Свет не включает – хватает того, что добивает из кухни. Снимает свитер, футболку, брюки. Брюки с наглаженными на века стрелками вешает особенно аккуратно, чтобы не перевернуть карманы, потому что в правом хранит деньги. Надевает футболку и трико (бирка неудачно срезана под самый корешок, поэтому долго ищет перед).
Через скрипучую половицу возвращается к свету, заходит ванную. Золотой перстень кладет на край раковины. Долго и тщательно намыливает руки, потом так же долго их моет. Поднимает взгляд на свое отражение. Лицо действительно как будто чужое, но неясно, что изменилось. И главное – когда. Когда в последний раз он смотрел на себя оценивающе? Может, утром, когда брился? Или пару недель назад в парикмахерской? Может, никогда?

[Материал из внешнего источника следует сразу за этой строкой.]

lemma lgl_gram_eq_0:
  assumes "N \<ge> 1" "j \<le> N" "k \<le> N" "j \<noteq> k"
  shows "lgl_gram N j k = 0"
proof -
  have lt: "lgl_gram N j k = 0" if "j < k" "k \<le> N" for j k
  proof -
    define c where "c = 2 * sqrt ((2 * real j + 1) / 2) * sqrt ((2 * real k + 1) / 2) / (real N * (real N + 1))"
    have "lgl_gram N j k = (\<Sum>x\<in>lgl_node_set N.
        c * (poly (legendre j) x * poly (legendre k) x / (poly (legendre N) x)\<^sup>2))"
      unfolding lgl_gram_eq_sum_lgl_node_set[OF assms(1)]
      by (rule sum.cong[OF refl]) (simp add: norm_legendre_def c_def)
    also have "\<dots> = c * (\<Sum>x\<in>lgl_node_set N.
        poly (legendre j) x * poly (legendre k) x / (poly (legendre N) x)\<^sup>2)"
      by (rule sum_distrib_left[symmetric])
    also have "\<dots> = 0"
      using lgl_discrete_orthogonality[OF assms(1) that] by simp
    finally show ?thesis .
  qed
  show ?thesis
  proof (cases "j < k")
    case False
    then show ?thesis
      using lt[of k j] assms by (simp add: lgl_gram_def mult_ac)
  qed (use lt assms in simp)
qed

lemma lgl_gram_diag_pos:
  assumes "N \<ge> 1"
  shows "lgl_gram N j j > 0"
  unfolding lgl_gram_eq_sum_lgl_node_set[OF assms]
proof (rule sum_pos2[OF finite_lgl_node_set[OF assms]])
  show "1 \<in> lgl_node_set N"
    unfolding lgl_node_set_def by simp
  show "0 < 2 / (real N * (real N + 1) * (poly (legendre N) 1)\<^sup>2) * norm_legendre j 1 * norm_legendre j 1"
    using assms by (simp add: norm_legendre_def poly_legendre_one mult.assoc)
qed (simp add: mult.assoc)

lemma diagonal_mat_mult_vec_index:
  assumes "i < n" "v \<in> carrier_vec n"
  shows "(mat n n (\<lambda>(i, j). if i = j then d i else 0) *\<^sub>v v) $ i = d i * v $ i"
proof -
  have "(mat n n (\<lambda>(i, j). if i = j then d i else 0) *\<^sub>v v) $ i
      = (\<Sum>j\<in>{0..<n}. (if i = j then d i else 0) * v $ j)"
    using assms by (simp add: scalar_prod_def)
  also have "\<dots> = (\<Sum>j\<in>{0..<n}. if i = j then d i * v $ j else 0)"
    by (rule sum.cong) simp_all
  also have "\<dots> = d i * v $ i"
    using assms(1) by simp
  finally show ?thesis .
qed

lemma quadratic_form_sum_expand:
  fixes a :: "'i \<Rightarrow> 'j \<Rightarrow> 'a::comm_semiring_1"
  shows "(\<Sum>i\<in>I. w i * ((\<Sum>j\<in>J. a i j * z j) * (\<Sum>k\<in>J. a i k * z k)))
       = (\<Sum>j\<in>J. \<Sum>k\<in>J. z j * z k * (\<Sum>i\<in>I. w i * a i j * a i k))"
proof -
  have "(\<Sum>i\<in>I. w i * ((\<Sum>j\<in>J. a i j * z j) * (\<Sum>k\<in>J. a i k * z k)))
      = (\<Sum>i\<in>I. \<Sum>j\<in>J. \<Sum>k\<in>J. z j * z k * (w i * a i j * a i k))"
    by (simp add: sum_product sum_distrib_left mult_ac)
  also have "\<dots> = (\<Sum>j\<in>J. \<Sum>k\<in>J. \<Sum>i\<in>I. z j * z k * (w i * a i j * a i k))"
    by (subst sum.swap) (rule sum.cong[OF refl], rule sum.swap)
  also have "\<dots> = (\<Sum>j\<in>J. \<Sum>k\<in>J. z j * z k * (\<Sum>i\<in>I. w i * a i j * a i k))"
    by (simp add: sum_distrib_left mult_ac)
  finally show ?thesis .
qed

lemma lgl_mass_quadratic_form:
  assumes "N \<ge> 1" "z \<in> carrier_vec (N + 1)"
  shows "(lgl_vandermonde N *\<^sub>v z) \<bullet> (lgl_mass N *\<^sub>v (lgl_vandermonde N *\<^sub>v z))
    = (\<Sum>j\<in>{0..<N + 1}. lgl_gram N j j * (z $ j)\<^sup>2)"
proof -
  define y where "y = lgl_vandermonde N *\<^sub>v z"
  have y: "y \<in> carrier_vec (N + 1)"
    unfolding y_def by (rule mult_mat_vec_carrier[OF _ assms(2)]) (simp add: lgl_vandermonde_def)
  have y_index: "y $ i = (\<Sum>j\<in>{0..<N + 1}. norm_legendre j (lgl_node N i) * z $ j)" if "i < N + 1" for i
    using that assms(2) unfolding y_def lgl_vandermonde_def by (simp add: scalar_prod_def)
  have M: "lgl_mass N \<in> carrier_mat (N + 1) (N + 1)"
    unfolding lgl_mass_def by simp
  have My: "(lgl_mass N *\<^sub>v y) $ i = lgl_weight N i * y $ i" if "i < N + 1" for i
    unfolding lgl_mass_def using that y by (rule diagonal_mat_mult_vec_index)
  have "y \<bullet> (lgl_mass N *\<^sub>v y) = (\<Sum>i\<in>{0..<N + 1}. y $ i * (lgl_mass N *\<^sub>v y) $ i)"
    unfolding scalar_prod_def using M by simp
  also have "\<dots> = (\<Sum>i\<in>{0..<N + 1}. y $ i * (lgl_weight N i * y $ i))"
    using My by (intro sum.cong) simp_all
  also have "\<dots> = (\<Sum>i\<in>{0..<N + 1}. lgl_weight N i
      * ((\<Sum>j\<in>{0..<N + 1}. norm_legendre j (lgl_node N i) * z $ j)
       * (\<Sum>k\<in>{0..<N + 1}. norm_legendre k (lgl_node N i) * z $ k)))"
    by (rule sum.cong) (simp_all add: y_index mult_ac)
  also have "\<dots> = (\<Sum>j\<in>{0..<N + 1}. \<Sum>k\<in>{0..<N + 1}. z $ j * z $ k * lgl_gram N j k)"
    unfolding quadratic_form_sum_expand lgl_gram_def ..
  also have "\<dots> = (\<Sum>j\<in>{0..<N + 1}. \<Sum>k\<in>{0..<N + 1}. if j = k then lgl_gram N j j * (z $ j)\<^sup>2 else 0)"
    using lgl_gram_eq_0[OF assms(1)]
    by (intro sum.cong refl) (auto simp: power2_eq_square)
  also have "\<dots> = (\<Sum>j\<in>{0..<N + 1}. lgl_gram N j j * (z $ j)\<^sup>2)"
    by simp
  finally show ?thesis
    unfolding y_def .
qed

lemma lgl_vandermonde_invertible:
  assumes "N \<ge> 1"
  obtains W where "mat_inverse (lgl_vandermonde N) = Some W"
proof -
  have V: "lgl_vandermonde N \<in> carrier_mat (N + 1) (N + 1)"
    unfolding lgl_vandermonde_def by simp
  have M: "lgl_mass N \<in> carrier_mat (N + 1) (N + 1)"
    unfolding lgl_mass_def by simp
  have "det (lgl_vandermonde N) \<noteq> 0"
  proof
    assume "det (lgl_vandermonde N) = 0"
    then obtain v where v: "v \<in> carrier_vec (N + 1)" "v \<noteq> 0\<^sub>v (N + 1)"
      and Vv: "lgl_vandermonde N *\<^sub>v v = 0\<^sub>v (N + 1)"
      using det_0_iff_vec_prod_zero_field[OF V] by blast
    obtain j where j: "j < N + 1" "v $ j \<noteq> 0"
      using v eq_vecI[of v "0\<^sub>v (N + 1)"] by auto
    have "0 < (\<Sum>j\<in>{0..<N + 1}. lgl_gram N j j * (v $ j)\<^sup>2)"
      using j lgl_gram_diag_pos[OF assms]
      by (intro sum_pos2[of _ j]) (simp_all add: less_imp_le)
    also have "\<dots> = (lgl_vandermonde N *\<^sub>v v) \<bullet> (lgl_mass N *\<^sub>v (lgl_vandermonde N *\<^sub>v v))"
      using lgl_mass_quadratic_form[OF assms v(1)] ..
    also have "\<dots> = 0"
      unfolding Vv using M by simp
    finally show False
      by simp
  qed
  then have unit: "lgl_vandermonde N \<in> Units (ring_mat TYPE(real) (N + 1) ())"
    by (rule det_non_zero_imp_unit[OF V])
  show ?thesis
  proof (cases "mat_inverse (lgl_vandermonde N)")
    case None
    then have "lgl_vandermonde N \<notin> Units (ring_mat TYPE(real) (N + 1) ())"
      by (rule mat_inverse(1)[OF V])
    with unit show ?thesis
      by contradiction
  qed (rule that)
qed

lemma quadratic_form_transpose_mult_minus:
  fixes A M :: "'a::comm_ring_1 mat"
  assumes A: "A \<in> carrier_mat n n" and M: "M \<in> carrier_mat n n" and u: "u \<in> carrier_vec n"
  shows "u \<bullet> ((transpose_mat A * M * A - M) *\<^sub>v u) = (A *\<^sub>v u) \<bullet> (M *\<^sub>v (A *\<^sub>v u)) - u \<bullet> (M *\<^sub>v u)"
proof -
  have Au: "A *\<^sub>v u \<in> carrier_vec n" and MAu: "M *\<^sub>v (A *\<^sub>v u) \<in> carrier_vec n"
    and Mu: "M *\<^sub>v u \<in> carrier_vec n" and TMA: "transpose_mat A * M * A \<in> carrier_mat n n"
    using A M u by simp_all
  have "u \<bullet> ((transpose_mat A * M * A - M) *\<^sub>v u) = u \<bullet> ((transpose_mat A * M * A) *\<^sub>v u - M *\<^sub>v u)"
    by (subst minus_mult_distrib_mat_vec[OF TMA M u]) rule
  also have "\<dots> = u \<bullet> ((transpose_mat A * M * A) *\<^sub>v u) - u \<bullet> (M *\<^sub>v u)"
    by (rule scalar_prod_minus_distrib[OF u mult_mat_vec_carrier[OF TMA u] Mu])
  also have "(transpose_mat A * M * A) *\<^sub>v u = (transpose_mat A * M) *\<^sub>v (A *\<^sub>v u)"
    by (rule assoc_mult_mat_vec) (use A M u in auto)
  also have "\<dots> = transpose_mat A *\<^sub>v (M *\<^sub>v (A *\<^sub>v u))"
    by (rule assoc_mult_mat_vec) (use A M u in auto)
  also have "u \<bullet> (transpose_mat A *\<^sub>v (M *\<^sub>v (A *\<^sub>v u))) = (transpose_mat A *\<^sub>v (M *\<^sub>v (A *\<^sub>v u))) \<bullet> u"
    by (rule comm_scalar_prod[OF u]) (use A MAu in simp)
  also have "\<dots> = (M *\<^sub>v (A *\<^sub>v u)) \<bullet> (A *\<^sub>v u)"
    by (rule transpose_vec_mult_scalar[OF A u MAu])
  also have "\<dots> = (A *\<^sub>v u) \<bullet> (M *\<^sub>v (A *\<^sub>v u))"
    by (rule comm_scalar_prod[OF MAu Au])
  finally show ?thesis .
qed

lemma lgl_filter_quadratic_form:
  assumes "N \<ge> 1" "u \<in> carrier_vec (N + 1)" "mat_inverse (lgl_vandermonde N) = Some W"
  shows "u \<bullet> ((transpose_mat (filter_mat N \<sigma>) * lgl_mass N * filter_mat N \<sigma> - lgl_mass N) *\<^sub>v u)
    = (\<Sum>j\<in>{0..<N + 1}. lgl_gram N j j * ((\<sigma> j)\<^sup>2 - 1) * ((W *\<^sub>v u) $ j)\<^sup>2)"
proof -
  define V where "V = lgl_vandermonde N"
  define C where "C = mat (N + 1) (N + 1) (\<lambda>(i, j). if i = j then \<sigma> i else (0::real))"
  define w where "w = W *\<^sub>v u"
  have V: "V \<in> carrier_mat (N + 1) (N + 1)" and C: "C \<in> carrier_mat (N + 1) (N + 1)"
    and M: "lgl_mass N \<in> carrier_mat (N + 1) (N + 1)"
    unfolding V_def lgl_vandermonde_def C_def lgl_mass_def by simp_all
  have VW: "V * W = 1\<^sub>m (N + 1)" and W: "W \<in> carrier_mat (N + 1) (N + 1)"
    using mat_inverse(2)[OF V] assms(3) unfolding V_def by auto
  have w: "w \<in> carrier_vec (N + 1)" and Cw: "C *\<^sub>v w \<in> carrier_vec (N + 1)"
    using W C assms(2) unfolding w_def by simp_all
  have F: "filter_mat N \<sigma> = V * C * W"
    unfolding filter_mat_def V_def C_def assms(3) by simp
  have "u = (V * W) *\<^sub>v u"
    using assms(2) unfolding VW by simp
  also have "\<dots> = V *\<^sub>v w"
    unfolding w_def by (rule assoc_mult_mat_vec) (use V W assms(2) in auto)
  finally have u_eq: "u = V *\<^sub>v w" .
  have "filter_mat N \<sigma> *\<^sub>v u = (V * C) *\<^sub>v (W *\<^sub>v u)"
    unfolding F by (rule assoc_mult_mat_vec) (use V C W assms(2) in auto)
  also have "\<dots> = V *\<^sub>v (C *\<^sub>v w)"
    unfolding w_def by (rule assoc_mult_mat_vec) (use V C W assms(2) in auto)
  finally have Fu: "filter_mat N \<sigma> *\<^sub>v u = V *\<^sub>v (C *\<^sub>v w)" .
  have Cw_index: "(C *\<^sub>v w) $ j = \<sigma> j * w $ j" if "j < N + 1" for j
    unfolding C_def using that w by (rule diagonal_mat_mult_vec_index)
  have "u \<bullet> ((transpose_mat (filter_mat N \<sigma>) * lgl_mass N * filter_mat N \<sigma> - lgl_mass N) *\<^sub>v u)
      = (V *\<^sub>v (C *\<^sub>v w)) \<bullet> (lgl_mass N *\<^sub>v (V *\<^sub>v (C *\<^sub>v w))) - (V *\<^sub>v w) \<bullet> (lgl_mass N *\<^sub>v (V *\<^sub>v w))"
    using quadratic_form_transpose_mult_minus[OF _ M assms(2), of "filter_mat N \<sigma>"] V C W
    unfolding Fu by (simp flip: u_eq add: F)
  also have "\<dots> = (\<Sum>j\<in>{0..<N + 1}. lgl_gram N j j * (\<sigma> j * w $ j)\<^sup>2)
      - (\<Sum>j\<in>{0..<N + 1}. lgl_gram N j j * (w $ j)\<^sup>2)"
    unfolding V_def lgl_mass_quadratic_form[OF assms(1) Cw] lgl_mass_quadratic_form[OF assms(1) w]
    by (simp add: Cw_index)
  also have "\<dots> = (\<Sum>j\<in>{0..<N + 1}. lgl_gram N j j * ((\<sigma> j)\<^sup>2 - 1) * ((W *\<^sub>v u) $ j)\<^sup>2)"
    unfolding w_def sum_subtractf[symmetric] by (rule sum.cong) (simp_all add: algebra_simps power_mult_distrib)
  finally show ?thesis .
qed

theorem proposition2:
  fixes N :: nat and \<sigma> :: "nat \<Rightarrow> real"
  assumes "N \<ge> 1"
    and "\<And>i. i \<le> N \<Longrightarrow> 0 \<le> \<sigma> i \<and> \<sigma> i \<le> 1"
    and "\<sigma> N = 0"
  shows "\<forall>u \<in> carrier_vec (N + 1).
           u \<bullet> ((transpose_mat (filter_mat N \<sigma>) * lgl_mass N * filter_mat N \<sigma> - lgl_mass N) *\<^sub>v u) \<le> 0"
proof
  fix u :: "real vec" assume u: "u \<in> carrier_vec (N + 1)"
  obtain W where W: "mat_inverse (lgl_vandermonde N) = Some W"
    using lgl_vandermonde_invertible[OF assms(1)] .
  have "lgl_gram N j j * ((\<sigma> j)\<^sup>2 - 1) * ((W *\<^sub>v u) $ j)\<^sup>2 \<le> 0" if "j \<in> {0..<N + 1}" for j
  proof -
    have "(\<sigma> j)\<^sup>2 \<le> 1"
      using assms(2)[of j] that by (simp add: abs_square_le_1)
    then have "lgl_gram N j j * ((\<sigma> j)\<^sup>2 - 1) \<le> 0"
      using lgl_gram_diag_pos[OF assms(1), of j] by (intro mult_nonneg_nonpos) auto
    then show ?thesis
      by (rule mult_nonpos_nonneg) simp
  qed
  then show "u \<bullet> ((transpose_mat (filter_mat N \<sigma>) * lgl_mass N * filter_mat N \<sigma> - lgl_mass N) *\<^sub>v u) \<le> 0"
    unfolding lgl_filter_quadratic_form[OF assms(1) u W] by (rule sum_nonpos)
qed

end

Несколько раз набирает полные ладони воды и плещет на лицо. Тщательно умывается. Снова поднимает на себя глаза. Прежняя гордость – пышные усы – обтрепались, как старая щетка для обуви. Поредели и побелели. Волос стал грубым и непослушным. Гладит усы привычным жестом – большим и указательным пальцами – и всё не то.
Возвращается на кухню. Первым делом накладывает соус. Он еще теплый, поэтому решает не подогревать. Добавляет добрую щепотку зелени. Открывает холодильник, на переднем крае стоит банка квашеной капусты. Достает ее, холодную. Снимает тугую пластиковую крышку. Втыкает в капусту вилку и кладет, сколько зацепилось, в салатницу. Убирает банку обратно. С нижней полки дверцы достает початую бутылку водки. Достает из шкафчика над столешницей зажатую пачками макарон ребристую рюмку, на короткой тонкой ножке, стойкую, как оловянный солдатик. Рюмка из тех, что давно осталась одна на белом свете, но ввиду своей оригинальности в ровный строй новобранцев не попала, и все же, пользуясь положением старослужащего, особенно любима и часто используема. И живет здесь – на кухне, на передовой. А не как остальные – в серванте в зале.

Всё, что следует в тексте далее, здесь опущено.